- **EXERCISE DESCRIPTION**
Your answer is a number only: how many lines in the data below contain "integrals"?

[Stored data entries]
▬▬▬▬▬▬

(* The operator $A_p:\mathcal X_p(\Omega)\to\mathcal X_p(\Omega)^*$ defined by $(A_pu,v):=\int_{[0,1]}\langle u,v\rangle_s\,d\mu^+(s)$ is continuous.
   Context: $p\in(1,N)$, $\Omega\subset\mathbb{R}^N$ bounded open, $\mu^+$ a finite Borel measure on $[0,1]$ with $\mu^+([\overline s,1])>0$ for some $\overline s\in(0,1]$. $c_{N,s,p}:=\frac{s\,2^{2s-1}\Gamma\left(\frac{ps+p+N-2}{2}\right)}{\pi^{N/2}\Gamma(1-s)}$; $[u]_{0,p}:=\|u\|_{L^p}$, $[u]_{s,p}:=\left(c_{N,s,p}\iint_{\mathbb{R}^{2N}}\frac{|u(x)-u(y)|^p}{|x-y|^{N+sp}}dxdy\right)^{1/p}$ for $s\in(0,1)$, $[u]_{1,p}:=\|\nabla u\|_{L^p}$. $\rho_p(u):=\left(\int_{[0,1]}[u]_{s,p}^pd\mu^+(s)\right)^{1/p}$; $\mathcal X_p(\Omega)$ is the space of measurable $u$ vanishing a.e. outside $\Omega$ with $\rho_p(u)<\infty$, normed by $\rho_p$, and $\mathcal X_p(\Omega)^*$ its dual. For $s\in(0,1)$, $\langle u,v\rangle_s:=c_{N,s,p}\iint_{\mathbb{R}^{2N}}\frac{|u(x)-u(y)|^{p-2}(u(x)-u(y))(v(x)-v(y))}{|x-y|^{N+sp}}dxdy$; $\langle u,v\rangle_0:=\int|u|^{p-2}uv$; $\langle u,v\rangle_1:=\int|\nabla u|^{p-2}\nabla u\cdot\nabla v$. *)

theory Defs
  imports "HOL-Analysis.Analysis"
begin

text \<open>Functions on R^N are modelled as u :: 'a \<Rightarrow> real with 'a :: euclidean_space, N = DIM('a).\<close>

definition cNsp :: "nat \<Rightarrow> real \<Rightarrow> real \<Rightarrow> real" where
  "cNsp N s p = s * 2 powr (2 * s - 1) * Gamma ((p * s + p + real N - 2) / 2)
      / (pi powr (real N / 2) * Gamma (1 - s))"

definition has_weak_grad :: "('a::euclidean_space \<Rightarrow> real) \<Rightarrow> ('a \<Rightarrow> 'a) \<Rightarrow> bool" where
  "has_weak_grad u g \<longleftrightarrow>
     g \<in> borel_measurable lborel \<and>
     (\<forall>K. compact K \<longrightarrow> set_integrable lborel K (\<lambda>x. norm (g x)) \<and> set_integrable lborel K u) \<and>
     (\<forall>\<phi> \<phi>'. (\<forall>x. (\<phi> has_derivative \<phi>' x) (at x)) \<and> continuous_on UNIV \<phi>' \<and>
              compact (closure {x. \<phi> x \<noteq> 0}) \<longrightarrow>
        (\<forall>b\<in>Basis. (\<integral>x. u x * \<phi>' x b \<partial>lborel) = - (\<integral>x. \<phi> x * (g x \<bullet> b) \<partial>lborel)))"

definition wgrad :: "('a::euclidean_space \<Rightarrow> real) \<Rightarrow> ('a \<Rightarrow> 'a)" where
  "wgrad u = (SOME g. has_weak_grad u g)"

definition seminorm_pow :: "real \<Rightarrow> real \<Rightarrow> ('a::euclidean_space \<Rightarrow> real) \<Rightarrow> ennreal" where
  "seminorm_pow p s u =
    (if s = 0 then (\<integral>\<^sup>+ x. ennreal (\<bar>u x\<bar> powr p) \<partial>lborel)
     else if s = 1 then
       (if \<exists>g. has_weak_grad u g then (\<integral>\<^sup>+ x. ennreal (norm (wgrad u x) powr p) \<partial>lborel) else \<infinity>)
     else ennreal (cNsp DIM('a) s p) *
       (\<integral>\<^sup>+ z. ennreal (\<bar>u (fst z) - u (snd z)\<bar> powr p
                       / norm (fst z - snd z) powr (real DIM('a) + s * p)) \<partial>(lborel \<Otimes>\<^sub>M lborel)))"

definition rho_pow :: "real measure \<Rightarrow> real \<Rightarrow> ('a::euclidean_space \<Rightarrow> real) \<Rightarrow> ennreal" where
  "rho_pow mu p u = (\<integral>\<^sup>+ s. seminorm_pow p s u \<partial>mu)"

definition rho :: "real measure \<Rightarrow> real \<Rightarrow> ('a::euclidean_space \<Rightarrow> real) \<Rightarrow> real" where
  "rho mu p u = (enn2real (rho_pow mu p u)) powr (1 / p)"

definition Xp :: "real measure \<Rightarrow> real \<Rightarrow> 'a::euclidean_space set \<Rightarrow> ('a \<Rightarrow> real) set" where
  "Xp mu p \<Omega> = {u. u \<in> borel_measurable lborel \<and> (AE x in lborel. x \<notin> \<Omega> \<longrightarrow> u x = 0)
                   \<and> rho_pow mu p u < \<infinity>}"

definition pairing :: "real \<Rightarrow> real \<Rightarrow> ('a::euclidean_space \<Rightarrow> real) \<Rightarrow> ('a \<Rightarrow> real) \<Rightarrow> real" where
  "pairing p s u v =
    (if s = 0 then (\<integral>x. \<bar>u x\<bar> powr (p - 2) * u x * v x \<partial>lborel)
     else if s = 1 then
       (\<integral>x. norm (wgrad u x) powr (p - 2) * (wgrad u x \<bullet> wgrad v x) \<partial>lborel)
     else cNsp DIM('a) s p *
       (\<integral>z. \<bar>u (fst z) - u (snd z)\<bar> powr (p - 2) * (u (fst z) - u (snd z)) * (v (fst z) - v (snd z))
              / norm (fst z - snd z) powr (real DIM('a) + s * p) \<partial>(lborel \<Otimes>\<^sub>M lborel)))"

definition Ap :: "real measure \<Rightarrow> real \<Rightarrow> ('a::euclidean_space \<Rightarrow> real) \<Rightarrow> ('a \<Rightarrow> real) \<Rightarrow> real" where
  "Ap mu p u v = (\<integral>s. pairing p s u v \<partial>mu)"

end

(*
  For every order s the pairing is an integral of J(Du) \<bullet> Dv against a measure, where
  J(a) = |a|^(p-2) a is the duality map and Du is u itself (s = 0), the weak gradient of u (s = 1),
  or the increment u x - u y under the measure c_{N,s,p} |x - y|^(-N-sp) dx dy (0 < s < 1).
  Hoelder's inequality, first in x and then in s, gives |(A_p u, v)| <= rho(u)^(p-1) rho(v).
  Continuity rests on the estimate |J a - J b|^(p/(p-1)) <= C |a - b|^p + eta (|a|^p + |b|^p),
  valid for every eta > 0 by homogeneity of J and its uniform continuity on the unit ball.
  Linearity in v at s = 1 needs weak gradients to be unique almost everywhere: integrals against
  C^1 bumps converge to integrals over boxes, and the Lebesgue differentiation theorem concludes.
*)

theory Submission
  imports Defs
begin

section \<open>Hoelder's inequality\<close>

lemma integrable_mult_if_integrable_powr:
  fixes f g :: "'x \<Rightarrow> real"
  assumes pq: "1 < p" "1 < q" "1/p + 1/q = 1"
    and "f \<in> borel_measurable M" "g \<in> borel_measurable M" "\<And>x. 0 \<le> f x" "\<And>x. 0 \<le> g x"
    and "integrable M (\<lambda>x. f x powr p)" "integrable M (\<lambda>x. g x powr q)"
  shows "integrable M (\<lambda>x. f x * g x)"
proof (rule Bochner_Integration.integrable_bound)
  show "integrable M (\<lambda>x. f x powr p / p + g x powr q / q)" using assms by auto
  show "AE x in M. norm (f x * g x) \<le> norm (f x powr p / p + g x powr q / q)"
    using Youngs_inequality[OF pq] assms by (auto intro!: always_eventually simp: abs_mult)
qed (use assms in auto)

▬▬▬▬▬▬

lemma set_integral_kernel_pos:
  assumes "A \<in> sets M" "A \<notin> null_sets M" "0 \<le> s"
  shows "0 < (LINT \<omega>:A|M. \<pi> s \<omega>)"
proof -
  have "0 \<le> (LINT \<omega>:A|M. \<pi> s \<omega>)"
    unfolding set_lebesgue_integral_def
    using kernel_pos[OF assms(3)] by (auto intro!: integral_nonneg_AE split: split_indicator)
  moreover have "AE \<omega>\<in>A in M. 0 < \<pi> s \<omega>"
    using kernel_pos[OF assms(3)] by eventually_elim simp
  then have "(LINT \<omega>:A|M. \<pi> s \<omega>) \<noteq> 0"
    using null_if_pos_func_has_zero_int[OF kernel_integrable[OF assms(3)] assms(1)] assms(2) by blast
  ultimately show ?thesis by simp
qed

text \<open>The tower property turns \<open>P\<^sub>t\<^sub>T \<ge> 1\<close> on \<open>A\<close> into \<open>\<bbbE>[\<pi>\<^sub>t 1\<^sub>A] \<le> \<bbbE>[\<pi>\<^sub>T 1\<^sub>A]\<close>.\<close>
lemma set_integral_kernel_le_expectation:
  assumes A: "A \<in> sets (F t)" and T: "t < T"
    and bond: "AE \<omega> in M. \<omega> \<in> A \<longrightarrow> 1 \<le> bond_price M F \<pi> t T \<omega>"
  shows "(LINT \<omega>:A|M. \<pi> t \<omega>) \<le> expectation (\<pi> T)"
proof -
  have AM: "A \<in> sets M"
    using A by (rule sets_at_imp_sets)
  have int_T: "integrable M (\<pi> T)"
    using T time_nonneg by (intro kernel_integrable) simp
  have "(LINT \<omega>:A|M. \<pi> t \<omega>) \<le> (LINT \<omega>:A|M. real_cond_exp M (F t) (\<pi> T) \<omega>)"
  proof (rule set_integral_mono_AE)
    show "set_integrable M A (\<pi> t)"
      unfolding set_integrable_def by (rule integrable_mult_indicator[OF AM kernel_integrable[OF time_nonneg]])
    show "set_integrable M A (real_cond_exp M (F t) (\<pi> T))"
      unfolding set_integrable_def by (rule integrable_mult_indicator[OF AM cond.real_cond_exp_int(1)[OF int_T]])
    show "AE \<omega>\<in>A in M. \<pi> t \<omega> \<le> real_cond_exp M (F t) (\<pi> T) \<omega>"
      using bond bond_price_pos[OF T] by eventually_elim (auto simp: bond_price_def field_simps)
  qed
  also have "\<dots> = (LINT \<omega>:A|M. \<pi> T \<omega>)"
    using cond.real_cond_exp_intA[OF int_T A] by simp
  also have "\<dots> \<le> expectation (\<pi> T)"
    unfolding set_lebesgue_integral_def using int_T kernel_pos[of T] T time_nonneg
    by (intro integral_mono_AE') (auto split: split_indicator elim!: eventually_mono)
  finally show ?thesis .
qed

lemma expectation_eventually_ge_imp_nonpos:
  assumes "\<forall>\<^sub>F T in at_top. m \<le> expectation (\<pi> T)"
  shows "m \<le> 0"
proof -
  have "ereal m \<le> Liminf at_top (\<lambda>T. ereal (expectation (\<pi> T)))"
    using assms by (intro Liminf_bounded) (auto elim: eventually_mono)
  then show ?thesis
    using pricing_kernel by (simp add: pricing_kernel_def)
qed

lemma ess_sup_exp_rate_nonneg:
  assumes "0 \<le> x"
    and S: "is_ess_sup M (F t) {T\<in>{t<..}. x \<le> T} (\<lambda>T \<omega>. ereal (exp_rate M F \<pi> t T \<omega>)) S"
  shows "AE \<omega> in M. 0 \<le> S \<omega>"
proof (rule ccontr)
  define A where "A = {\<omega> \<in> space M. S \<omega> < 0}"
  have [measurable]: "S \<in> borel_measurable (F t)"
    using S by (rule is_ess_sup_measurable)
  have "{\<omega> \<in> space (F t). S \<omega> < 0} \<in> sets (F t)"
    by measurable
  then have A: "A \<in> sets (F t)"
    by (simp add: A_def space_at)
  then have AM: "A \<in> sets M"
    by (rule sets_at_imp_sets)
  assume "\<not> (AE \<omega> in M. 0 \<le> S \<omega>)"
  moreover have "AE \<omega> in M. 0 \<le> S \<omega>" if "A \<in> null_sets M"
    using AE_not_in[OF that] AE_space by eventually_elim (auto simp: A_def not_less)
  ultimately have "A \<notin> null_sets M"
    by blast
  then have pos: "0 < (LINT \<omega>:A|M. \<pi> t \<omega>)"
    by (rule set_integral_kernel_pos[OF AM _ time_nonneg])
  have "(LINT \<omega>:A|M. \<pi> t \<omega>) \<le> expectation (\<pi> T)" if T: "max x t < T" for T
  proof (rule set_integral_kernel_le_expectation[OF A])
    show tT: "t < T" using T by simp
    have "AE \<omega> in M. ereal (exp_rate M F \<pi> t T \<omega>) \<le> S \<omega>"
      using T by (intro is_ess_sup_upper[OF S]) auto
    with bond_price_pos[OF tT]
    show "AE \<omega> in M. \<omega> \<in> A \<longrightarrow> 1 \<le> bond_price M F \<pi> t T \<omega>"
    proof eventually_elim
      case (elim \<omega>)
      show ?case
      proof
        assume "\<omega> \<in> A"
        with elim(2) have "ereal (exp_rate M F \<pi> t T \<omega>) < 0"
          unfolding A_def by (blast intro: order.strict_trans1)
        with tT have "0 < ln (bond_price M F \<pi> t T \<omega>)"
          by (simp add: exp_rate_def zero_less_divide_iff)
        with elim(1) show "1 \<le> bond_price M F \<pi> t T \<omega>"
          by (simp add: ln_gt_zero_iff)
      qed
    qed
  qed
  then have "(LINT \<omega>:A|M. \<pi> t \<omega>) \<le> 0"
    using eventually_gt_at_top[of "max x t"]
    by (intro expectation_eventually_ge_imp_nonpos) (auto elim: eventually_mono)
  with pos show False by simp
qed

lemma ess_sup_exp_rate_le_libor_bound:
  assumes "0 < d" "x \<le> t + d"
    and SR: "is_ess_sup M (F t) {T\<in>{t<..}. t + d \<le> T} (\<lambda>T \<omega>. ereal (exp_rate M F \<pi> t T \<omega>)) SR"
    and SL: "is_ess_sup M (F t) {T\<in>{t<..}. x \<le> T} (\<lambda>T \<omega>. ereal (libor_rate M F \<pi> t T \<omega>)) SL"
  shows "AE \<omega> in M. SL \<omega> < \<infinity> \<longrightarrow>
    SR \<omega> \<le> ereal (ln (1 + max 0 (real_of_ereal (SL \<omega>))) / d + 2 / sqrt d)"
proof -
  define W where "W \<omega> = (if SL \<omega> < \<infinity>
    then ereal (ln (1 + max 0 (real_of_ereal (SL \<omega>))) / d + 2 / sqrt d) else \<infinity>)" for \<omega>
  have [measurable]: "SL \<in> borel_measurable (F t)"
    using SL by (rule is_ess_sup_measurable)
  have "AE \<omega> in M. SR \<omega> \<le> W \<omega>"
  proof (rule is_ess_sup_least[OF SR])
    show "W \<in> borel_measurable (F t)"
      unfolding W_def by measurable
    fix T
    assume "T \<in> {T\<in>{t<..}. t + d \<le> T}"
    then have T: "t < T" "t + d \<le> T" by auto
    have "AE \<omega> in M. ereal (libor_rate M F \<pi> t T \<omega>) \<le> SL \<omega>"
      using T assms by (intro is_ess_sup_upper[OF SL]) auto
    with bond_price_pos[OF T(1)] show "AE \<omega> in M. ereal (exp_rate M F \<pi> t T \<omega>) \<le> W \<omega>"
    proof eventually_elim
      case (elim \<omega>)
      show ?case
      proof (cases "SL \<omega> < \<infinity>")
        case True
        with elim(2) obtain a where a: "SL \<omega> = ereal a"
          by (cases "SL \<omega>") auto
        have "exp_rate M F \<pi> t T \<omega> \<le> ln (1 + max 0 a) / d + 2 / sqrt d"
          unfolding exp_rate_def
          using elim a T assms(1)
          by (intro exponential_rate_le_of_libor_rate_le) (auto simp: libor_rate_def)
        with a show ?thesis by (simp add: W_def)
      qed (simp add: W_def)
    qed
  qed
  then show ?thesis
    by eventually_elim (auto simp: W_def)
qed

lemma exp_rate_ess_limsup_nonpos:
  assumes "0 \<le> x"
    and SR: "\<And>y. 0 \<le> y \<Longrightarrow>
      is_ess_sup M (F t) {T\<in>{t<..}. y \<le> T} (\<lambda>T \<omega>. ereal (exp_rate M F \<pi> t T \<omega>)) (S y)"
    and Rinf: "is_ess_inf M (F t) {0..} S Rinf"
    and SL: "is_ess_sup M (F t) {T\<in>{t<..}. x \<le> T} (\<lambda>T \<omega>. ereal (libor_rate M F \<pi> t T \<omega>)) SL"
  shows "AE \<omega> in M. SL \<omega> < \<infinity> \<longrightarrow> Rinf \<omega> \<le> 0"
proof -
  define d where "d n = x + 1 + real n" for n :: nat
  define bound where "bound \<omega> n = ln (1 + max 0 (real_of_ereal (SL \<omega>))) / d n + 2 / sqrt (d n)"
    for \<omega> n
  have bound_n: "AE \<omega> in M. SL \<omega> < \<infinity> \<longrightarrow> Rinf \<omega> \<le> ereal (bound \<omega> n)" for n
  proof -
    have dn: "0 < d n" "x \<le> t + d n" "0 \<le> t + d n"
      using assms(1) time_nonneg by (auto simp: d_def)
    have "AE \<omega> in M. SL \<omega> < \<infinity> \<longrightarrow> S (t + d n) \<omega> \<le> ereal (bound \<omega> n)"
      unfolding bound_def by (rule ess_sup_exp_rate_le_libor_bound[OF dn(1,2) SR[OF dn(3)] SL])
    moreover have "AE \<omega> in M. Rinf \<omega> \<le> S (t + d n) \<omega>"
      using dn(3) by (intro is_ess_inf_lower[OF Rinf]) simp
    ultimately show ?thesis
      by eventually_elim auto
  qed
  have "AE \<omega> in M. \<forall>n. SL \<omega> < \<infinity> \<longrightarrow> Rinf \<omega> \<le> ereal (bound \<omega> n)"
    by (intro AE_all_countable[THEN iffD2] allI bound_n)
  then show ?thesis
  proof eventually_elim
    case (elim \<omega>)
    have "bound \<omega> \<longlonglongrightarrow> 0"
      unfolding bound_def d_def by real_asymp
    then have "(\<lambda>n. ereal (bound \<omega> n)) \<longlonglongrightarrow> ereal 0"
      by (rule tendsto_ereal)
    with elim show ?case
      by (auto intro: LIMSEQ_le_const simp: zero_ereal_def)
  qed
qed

▬▬▬▬▬▬

- **RESPONSE TO THIS TASK**
2